▸ WORK REQUIRED
Using the records below, find how many lines hold the word "False" and reply with only that number.

(Data entries)
=======

definition field_norm :: "complex \<Rightarrow> rat" where
  "field_norm x = det (mult_mat x)"

lemma field_norm_mult:
  assumes "x \<in> K" "y \<in> K"
  shows "field_norm (x * y) = field_norm x * field_norm y"
  unfolding field_norm_def mult_mat_mult[OF assms] by (rule det_mult[OF mult_mat_carrier mult_mat_carrier])

lemma field_norm_1: "field_norm 1 = 1"
  unfolding field_norm_def mult_mat_1 by simp

lemma field_norm_nonzero:
  assumes "x \<in> K" "x \<noteq> 0"
  shows "field_norm x \<noteq> 0"
proof
  assume "field_norm x = 0"
  hence "field_norm (x * inverse x) = 0" using field_norm_mult[OF assms(1) K_inverse[OF assms(1)]] by simp
  thus False using assms(2) field_norm_1 by simp
qed

lemma field_norm_int_char_poly:
  assumes "x \<in> K" "algebraic_int x"
  shows "field_norm x = (-1) ^ n * of_int (Polynomial.coeff (int_char_poly x) 0)"
proof -
  have "(of_int (Polynomial.coeff (int_char_poly x) 0) :: complex) = poly (char_poly (mult_mat_complex x)) 0"
    using char_poly_mult_mat_complex_int[OF assms] by (simp add: poly_0_coeff_0)
  also have "\<dots> = det (- char_matrix (mult_mat_complex x) 0)"
    using char_poly_matrix[of "mult_mat_complex x" n] by simp
  also have "- char_matrix (mult_mat_complex x) 0 = (-1) \<cdot>\<^sub>m mult_mat_complex x"
    by (rule eq_matI) (auto simp: char_matrix_def)
  also have "det \<dots> = (-1) ^ n * det (mult_mat_complex x)" by simp
  also have "det (mult_mat_complex x) = of_rat (field_norm x)"
    unfolding field_norm_def by (metis of_rat_hom.hom_det)
  finally have "(of_rat ((-1) ^ n * of_int (Polynomial.coeff (int_char_poly x) 0)) :: complex) = of_rat (field_norm x)"
    by (simp add: of_rat_mult of_rat_power)
  thus ?thesis by (simp only: of_rat_eq_iff)
qed

lemma field_norm_in_Ints: "x \<in> K \<Longrightarrow> algebraic_int x \<Longrightarrow> field_norm x \<in> \<int>"
  using field_norm_int_char_poly by simp

text \<open>If \<open>N(x) = \<plusminus>1\<close>, the constant term \<open>c\<close> of the characteristic polynomial \<open>P\<close> satisfies
  \<open>c\<^sup>2 = 1\<close>, and then \<open>c P\<close> is an integer polynomial with constant term \<open>1\<close> vanishing at \<open>x\<close>.\<close>
lemma algebraic_int_inverse_if_field_norm_unit:
  assumes x: "x \<in> K" "algebraic_int x" and N: "field_norm x = 1 \<or> field_norm x = -1"
  shows "algebraic_int (inverse x)"
proof -
  define c where "c = Polynomial.coeff (int_char_poly x) 0"
  have "(of_int (c * c) :: rat) = ((-1) ^ n)\<^sup>2 * (field_norm x * field_norm x)"
    using field_norm_int_char_poly[OF x] unfolding c_def by (simp add: power2_eq_square algebra_simps)
  also have "\<dots> = 1" using N by (auto simp flip: power_mult power_mult_distrib)
  finally have c: "c * c = 1" by (metis of_int_1 of_int_eq_iff)
  have root: "poly (of_int_poly (int_char_poly x)) x = 0"
    using char_poly_mult_mat_complex_root[OF x(1)] char_poly_mult_mat_complex_int[OF x] by simp
  show ?thesis
    by (rule algebraic_int_inverse[of "Polynomial.smult (of_int c) (of_int_poly (int_char_poly x))"])
       (use root c in \<open>simp_all add: coeff_map_poly c_def flip: of_int_mult\<close>)
qed

definition abs_norm :: "complex \<Rightarrow> nat" where
  "abs_norm x = nat \<lfloor>\<bar>field_norm x\<bar>\<rfloor>"

lemma abs_norm_less_mult:
  assumes x: "x \<in> K" "algebraic_int x" "x \<noteq> 0"
    and c: "c \<in> K" "algebraic_int c" "c \<noteq> 0" "\<not> algebraic_int (inverse c)"
  shows "abs_norm x < abs_norm (x * c)"
proof -
  obtain k where k: "field_norm x = of_int k" using field_norm_in_Ints[OF x(1,2)] by (elim Ints_cases)
  obtain l where l: "field_norm c = of_int l" using field_norm_in_Ints[OF c(1,2)] by (elim Ints_cases)
  have k0: "k \<noteq> 0" using field_norm_nonzero[OF x(1,3)] k by auto
  have l1: "\<bar>l\<bar> > 1"
    using field_norm_nonzero[OF c(1,3)] algebraic_int_inverse_if_field_norm_unit[OF c(1,2)] c(4) l
    by (cases "l = -1") (auto simp: abs_if)
  have "nat \<bar>k\<bar> < nat \<bar>k * l\<bar>" using k0 l1 by (simp add: abs_mult)
  moreover have "abs_norm x = nat \<bar>k\<bar>"
    unfolding abs_norm_def k by (simp only: of_int_abs[symmetric] floor_of_int)
  moreover have "abs_norm (x * c) = nat \<bar>k * l\<bar>"
    unfolding abs_norm_def field_norm_mult[OF x(1) c(1)] k l
    by (simp only: of_int_mult[symmetric] of_int_abs[symmetric] floor_of_int)
  ultimately show ?thesis by (simp only:)
qed

end

section \<open>Quartics that are compositions of quadratics\<close>

lemma poly_eq_if_degree_le_2:
  fixes P :: "'a::zero poly"
  assumes "degree P \<le> 2"
  shows "P = [:Polynomial.coeff P 0, Polynomial.coeff P 1, Polynomial.coeff P 2:]"
  using assms by (intro poly_eqI) (auto simp: coeff_pCons coeff_eq_0 numeral_2_eq_2 split: nat.split)

lemma degree_pcompose_eq_4_imp_quadratic:
  fixes g h :: "'a::idom poly"
  assumes "degree (pcompose g h) = 4" "degree g \<ge> 2" "degree h \<ge> 2"
  shows "degree g = 2 \<and> degree h = 2"
proof -
  have gh: "degree g * degree h = 4" using assms(1) by (simp add: degree_pcompose)
  have "degree g * 2 \<le> 4" "2 * degree h \<le> 4"
    using mult_le_mono2[OF assms(3), of "degree g"] mult_le_mono1[OF assms(2), of "degree h"] gh by simp_all
  thus ?thesis using assms(2,3) by simp
qed

lemma coeff_pcompose_quadratics:
  fixes A B C p q r :: "'a::comm_ring_1"
  shows "Polynomial.coeff (pcompose [:C, B, A:] [:r, q, p:]) 4 = A * p ^ 2"
    and "Polynomial.coeff (pcompose [:C, B, A:] [:r, q, p:]) 3 = 2 * A * p * q"
    and "Polynomial.coeff (pcompose [:C, B, A:] [:r, q, p:]) 2 = A * (q ^ 2 + 2 * p * r) + B * p"
  by (simp_all add: pcompose_pCons eval_nat_numeral algebra_simps power2_eq_square)
context
  fixes e :: nat
  assumes e_pos: "0 < e"
begin

lemma int_bar: "int (bar e x) = (x - 1) mod int e + 1"
  using e_pos by (simp add: bar_def)

lemma bar_in: "bar e x \<in> {1..e}"
  using e_pos by (simp add: bar_def nat_less_iff Suc_leI)

lemma bar_bounds [simp]: "Suc 0 \<le> bar e x" "bar e x \<le> e"
  using bar_in by auto

lemma int_bar_mod: "int (bar e x) mod int e = x mod int e"
  by (simp add: int_bar mod_add_left_eq)

lemma bar_eq_iff: "bar e x = bar e y \<longleftrightarrow> x mod int e = y mod int e"
  by (metis int_bar int_bar_mod of_nat_eq_iff add_right_cancel mod_diff_cong diff_add_cancel)

lemma bar_of_nat: "z \<in> {1..e} \<Longrightarrow> bar e (int z) = z"
  by (auto simp: bar_def mod_pos_pos_trivial nat_diff_distrib)

lemma bar_eq_of_nat_iff: "z \<in> {1..e} \<Longrightarrow> bar e x = z \<longleftrightarrow> x mod int e = int z mod int e"
  by (metis bar_eq_iff bar_of_nat)

lemma bar_bar_add: "bar e (int (bar e x) + y) = bar e (x + y)"
  by (simp add: bar_eq_iff mod_add_left_eq int_bar_mod flip: mod_add_left_eq[of "int (bar e x)"])

lemma bar_add_mult: "bar e (x + k * int e) = bar e x"
  by (simp add: bar_eq_iff)

lemma bar_add_right_cancel:
  assumes "z \<in> {1..e}" "w \<in> {1..e}" "bar e (int z + k) = bar e (int w + k)"
  shows "z = w"
  using bar_bar_add[of "int z + k" "- k"] bar_bar_add[of "int w + k" "- k"] assms
  by (simp add: bar_of_nat)

lemma cdist_less: "cdist e a z < e"
  using e_pos by (simp add: cdist_def nat_less_iff)

lemma int_cdist: "int (cdist e a z) = (int z - int a) mod int e"
  using e_pos by (simp add: cdist_def)

lemma cdist_bar: "cdist e a (bar e x) = nat ((x - int a) mod int e)"
  by (simp add: cdist_def mod_diff_left_eq int_bar_mod flip: mod_diff_left_eq[of "int (bar e x)"])

lemma cdist_bar_base: "cdist e (bar e x) z = nat ((int z - x) mod int e)"
  by (simp add: cdist_def mod_diff_right_eq int_bar_mod flip: mod_diff_right_eq[of _ "int (bar e x)"])

lemma bar_add_cdist: "z \<in> {1..e} \<Longrightarrow> bar e (int a + int (cdist e a z)) = z"
  by (simp add: bar_eq_of_nat_iff int_cdist mod_add_right_eq)

lemma cdist_inject: "z \<in> {1..e} \<Longrightarrow> w \<in> {1..e} \<Longrightarrow> cdist e a z = cdist e a w \<longleftrightarrow> z = w"
  by (metis bar_add_cdist)

lemma cdist_eq_0_iff: "a \<in> {1..e} \<Longrightarrow> z \<in> {1..e} \<Longrightarrow> cdist e a z = 0 \<longleftrightarrow> z = a"
  using cdist_inject[of z a a] by simp

lemma cdist_bar_add: "c < e \<Longrightarrow> cdist e a (bar e (int a + int c)) = c"
  by (simp add: cdist_bar)

lemma cdist_shift: "cdist e (bar e (int b + k)) (bar e (int z + k)) = cdist e b z"
proof -
  have "cdist e (bar e (int b + k)) (bar e (int z + k)) = nat ((int (bar e (int z + k)) - (int b + k)) mod int e)"
    by (rule cdist_bar_base)
  also have "\<dots> = nat ((int z + k - (int b + k)) mod int e)"
    by (simp add: mod_diff_left_eq int_bar_mod flip: mod_diff_left_eq[of "int (bar e _)"])
  finally show ?thesis by (simp add: cdist_def)
qed

lemma cdist_bar_add_base:
  assumes "c \<le> e"
  shows "cdist e (bar e (int b + int c)) z =
    (if c \<le> cdist e b z then cdist e b z - c else cdist e b z + e - c)"
proof -
  have "cdist e (bar e (int b + int c)) z = nat ((int z - int b - int c) mod int e)"
    by (simp add: cdist_bar_base algebra_simps)
  also have "(int z - int b - int c) mod int e = (int (cdist e b z) - int c) mod int e"
    by (simp add: int_cdist mod_diff_left_eq)
  also have "\<dots> = (if c \<le> cdist e b z then int (cdist e b z) - int c
                     else int (cdist e b z) - int c + int e)"
  proof (cases "c \<le> cdist e b z")
    case False
    have "(int (cdist e b z) - int c) mod int e = (int (cdist e b z) - int c + int e) mod int e"
      by simp
    also have "\<dots> = int (cdist e b z) - int c + int e"
      using False assms by (intro mod_pos_pos_trivial) auto
    finally show ?thesis using False by simp
  qed (use cdist_less[of b z] in \<open>auto intro: mod_pos_pos_trivial\<close>)
  finally show ?thesis using assms by auto
qed

lemma cdist_reverse:
  "cdist e (bar e (int j + 1)) i = e - 1 - cdist e i j"
  "cdist e j (bar e (int i - 1)) = e - 1 - cdist e i j"
proof -
  have "(int i - int j - 1) mod int e = int e - 1 - (int j - int i) mod int e"
    using minus_mod_int_eq[of "int e" "int j - int i + 1"] by (simp add: algebra_simps)
  then have "nat ((int i - int j - 1) mod int e) = e - 1 - cdist e i j"
    using e_pos by (simp add: cdist_def nat_diff_distrib)
  then show "cdist e (bar e (int j + 1)) i = e - 1 - cdist e i j"
    "cdist e j (bar e (int i - 1)) = e - 1 - cdist e i j"
    by (simp_all add: cdist_bar_base cdist_bar algebra_simps)
qed

lemma int_cdist_if:
  assumes "a \<in> {1..e}" "z \<in> {1..e}"
  shows "int (cdist e a z) = int z - int a + (if z < a then int e else 0)"
proof (cases "z < a")
  case True
  have "(int z - int a) mod int e = (int z - int a + int e) mod int e" by simp
  also have "\<dots> = int z - int a + int e"
    using True assms by (intro mod_pos_pos_trivial) auto
  finally show ?thesis using True by (simp add: int_cdist)
qed (use assms in \<open>auto simp: int_cdist mod_pos_pos_trivial\<close>)

lemma cyclic_order_cases:
  assumes "a \<in> {1..e}" "b \<in> {1..e}" "c \<in> {1..e}" "d \<in> {1..e}"
    and "0 < cdist e a b" "cdist e a b < cdist e a c" "cdist e a c < cdist e a d"
  shows "a < b \<and> b < c \<and> c < d \<or> d < a \<and> a < b \<and> b < c \<or>
         c < d \<and> d < a \<and> a < b \<or> b < c \<and> c < d \<and> d < a"
proof -
  have dist: "int (cdist e a z) = int z - int a + (if z < a then int e else 0)" if "z \<in> {1..e}" for z
    using int_cdist_if[OF assms(1) that] .
  have "0 < int (cdist e a b)" "int (cdist e a b) < int (cdist e a c)"
    "int (cdist e a c) < int (cdist e a d)" "int (cdist e a d) < int e"
    using assms(5-7) cdist_less[of a d] by simp_all
  then show ?thesis
    unfolding dist[OF assms(2)] dist[OF assms(3)] dist[OF assms(4)]
    using assms(1-4) by (cases "b < a"; cases "c < a"; cases "d < a") auto
qed

lemma arc_eq_image: "c < e \<Longrightarrow> {bar e (int b + int s) | s. s \<le> c} = arc e b c"
  by (auto simp: arc_def cdist_bar_add intro!: exI[of _ "cdist e b _"] bar_add_cdist[symmetric])

lemma bar_shift_mem_arc:
  "z \<in> {1..e} \<Longrightarrow> bar e (int z + k) \<in> arc e (bar e (int b + k)) c \<longleftrightarrow> z \<in> arc e b c"
  by (simp add: arc_def cdist_shift)

lemma arc_complement_end:
  assumes "c < e"
  shows "arc e (bar e (int b + int c)) (e - c - 1) = ({1..e} - arc e b c) \<union> {bar e (int b + int c)}"
proof -
  have "cdist e (bar e (int b + int c)) z \<le> e - c - 1 \<longleftrightarrow> c \<le> cdist e b z" for z
    using assms cdist_less[of b z] by (auto simp: cdist_bar_add_base)
  moreover have "z \<in> {1..e} \<Longrightarrow> cdist e b z = c \<longleftrightarrow> z = bar e (int b + int c)" for z
    by (metis assms bar_add_cdist cdist_bar_add)
  ultimately show ?thesis
    using assms by (auto simp: arc_def cdist_bar_add bar_add_cdist)
qed

lemma arc_complement_start:
  assumes "c < e" "b \<in> {1..e}"
  shows "arc e (bar e (int b + int c + 1)) (e - c - 1) = ({1..e} - arc e b c) \<union> {b}"
proof -
  have "cdist e (bar e (int b + int (c + 1))) z \<le> e - c - 1 \<longleftrightarrow> cdist e b z = 0 \<or> c < cdist e b z" for z
    using assms cdist_less[of b z] by (auto simp only: cdist_bar_add_base) auto
  moreover have "bar e (int b + int c + 1) = bar e (int b + int (c + 1))"
    by (simp add: ac_simps)
  ultimately show ?thesis
    using assms(2) cdist_eq_0_iff[OF assms(2)] by (auto simp: arc_def)
qed

lemma cdist_bar_diff: "0 < s \<Longrightarrow> s \<le> e \<Longrightarrow> cdist e a (bar e (int a - int s)) = e - s"
proof -
  assume s: "0 < s" "s \<le> e"
  then have "int a - int s = int a + int (e - s) + (- 1) * int e"
    by simp
  then have "bar e (int a - int s) = bar e (int a + int (e - s))"
    by (simp only: bar_add_mult)
  then show ?thesis
    using s cdist_bar_add[of "e - s" a] by simp
qed

end

section \<open>Orbit partitions\<close>

lemma orbit_subset_invariant:
  assumes "f ` A \<subseteq> A" "x \<in> A"
  shows "orbit f x \<subseteq> A"
proof
  fix y assume "y \<in> orbit f x"
  then show "y \<in> A"
    by induct (use assms in auto)
qed

lemma orbit_eq_of_mem:
  assumes "x \<in> orbit f x" "y \<in> orbit f x"
  shows "orbit f y = orbit f x"
  using orbit_trans[OF _ assms(2)] orbit_trans[OF _ orbit_swap[OF assms]] by blast

lemma inj_on_invariant_mem_iff:
  assumes "finite T" "inj_on f T" "A \<subseteq> T" "f ` A \<subseteq> A" "x \<in> T"
  shows "f x \<in> A \<longleftrightarrow> x \<in> A"
proof
  have "f ` A = A"
    using assms by (meson endo_inj_surj finite_subset inj_on_subset)
  moreover assume "f x \<in> A"
  ultimately obtain y where "y \<in> A" "f x = f y"
    by blast
  then show "x \<in> A"
    using assms(2,3,5) by (metis inj_onD subsetD)
qed (use assms(4) in blast)

(* HOL's orbit f x only contains the iterates f^n x with n > 0. *)
lemma self_in_orbit_of_inj_on:
  assumes "finite T" "f ` T \<subseteq> T" "inj_on f T" "x \<in> T"
  shows "x \<in> orbit f x"
proof -
  have "bij_betw (perm_restrict f T) T T"
    using assms endo_inj_surj[of T f] by (simp add: bij_betw_def perm_restrict_def cong: bij_betw_cong)
  then have "perm_restrict f T permutes T"
    by (rule bij_imp_permutes) (simp add: perm_restrict_def)
  then have "x \<in> orbit (perm_restrict f T) x"
    using assms(1) by (intro permutation_self_in_orbit) (auto simp: permutation_permutes)
  moreover have "orbit (perm_restrict f T) x = orbit f x"
    using assms by (intro orbit_cong0[of x T]) (auto simp: perm_restrict_def)
  ultimately show ?thesis
    by simp
qed

context
  fixes e :: nat and f :: "nat \<Rightarrow> nat"
  assumes maps: "f ` {1..e} \<subseteq> {1..e}" and inj: "inj_on f {1..e}"
begin

lemma self_in_orbit: "x \<in> {1..e} \<Longrightarrow> x \<in> orbit f x"
  using self_in_orbit_of_inj_on[OF _ maps inj] by blast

=======

▸ WRITTEN RESPONSE
4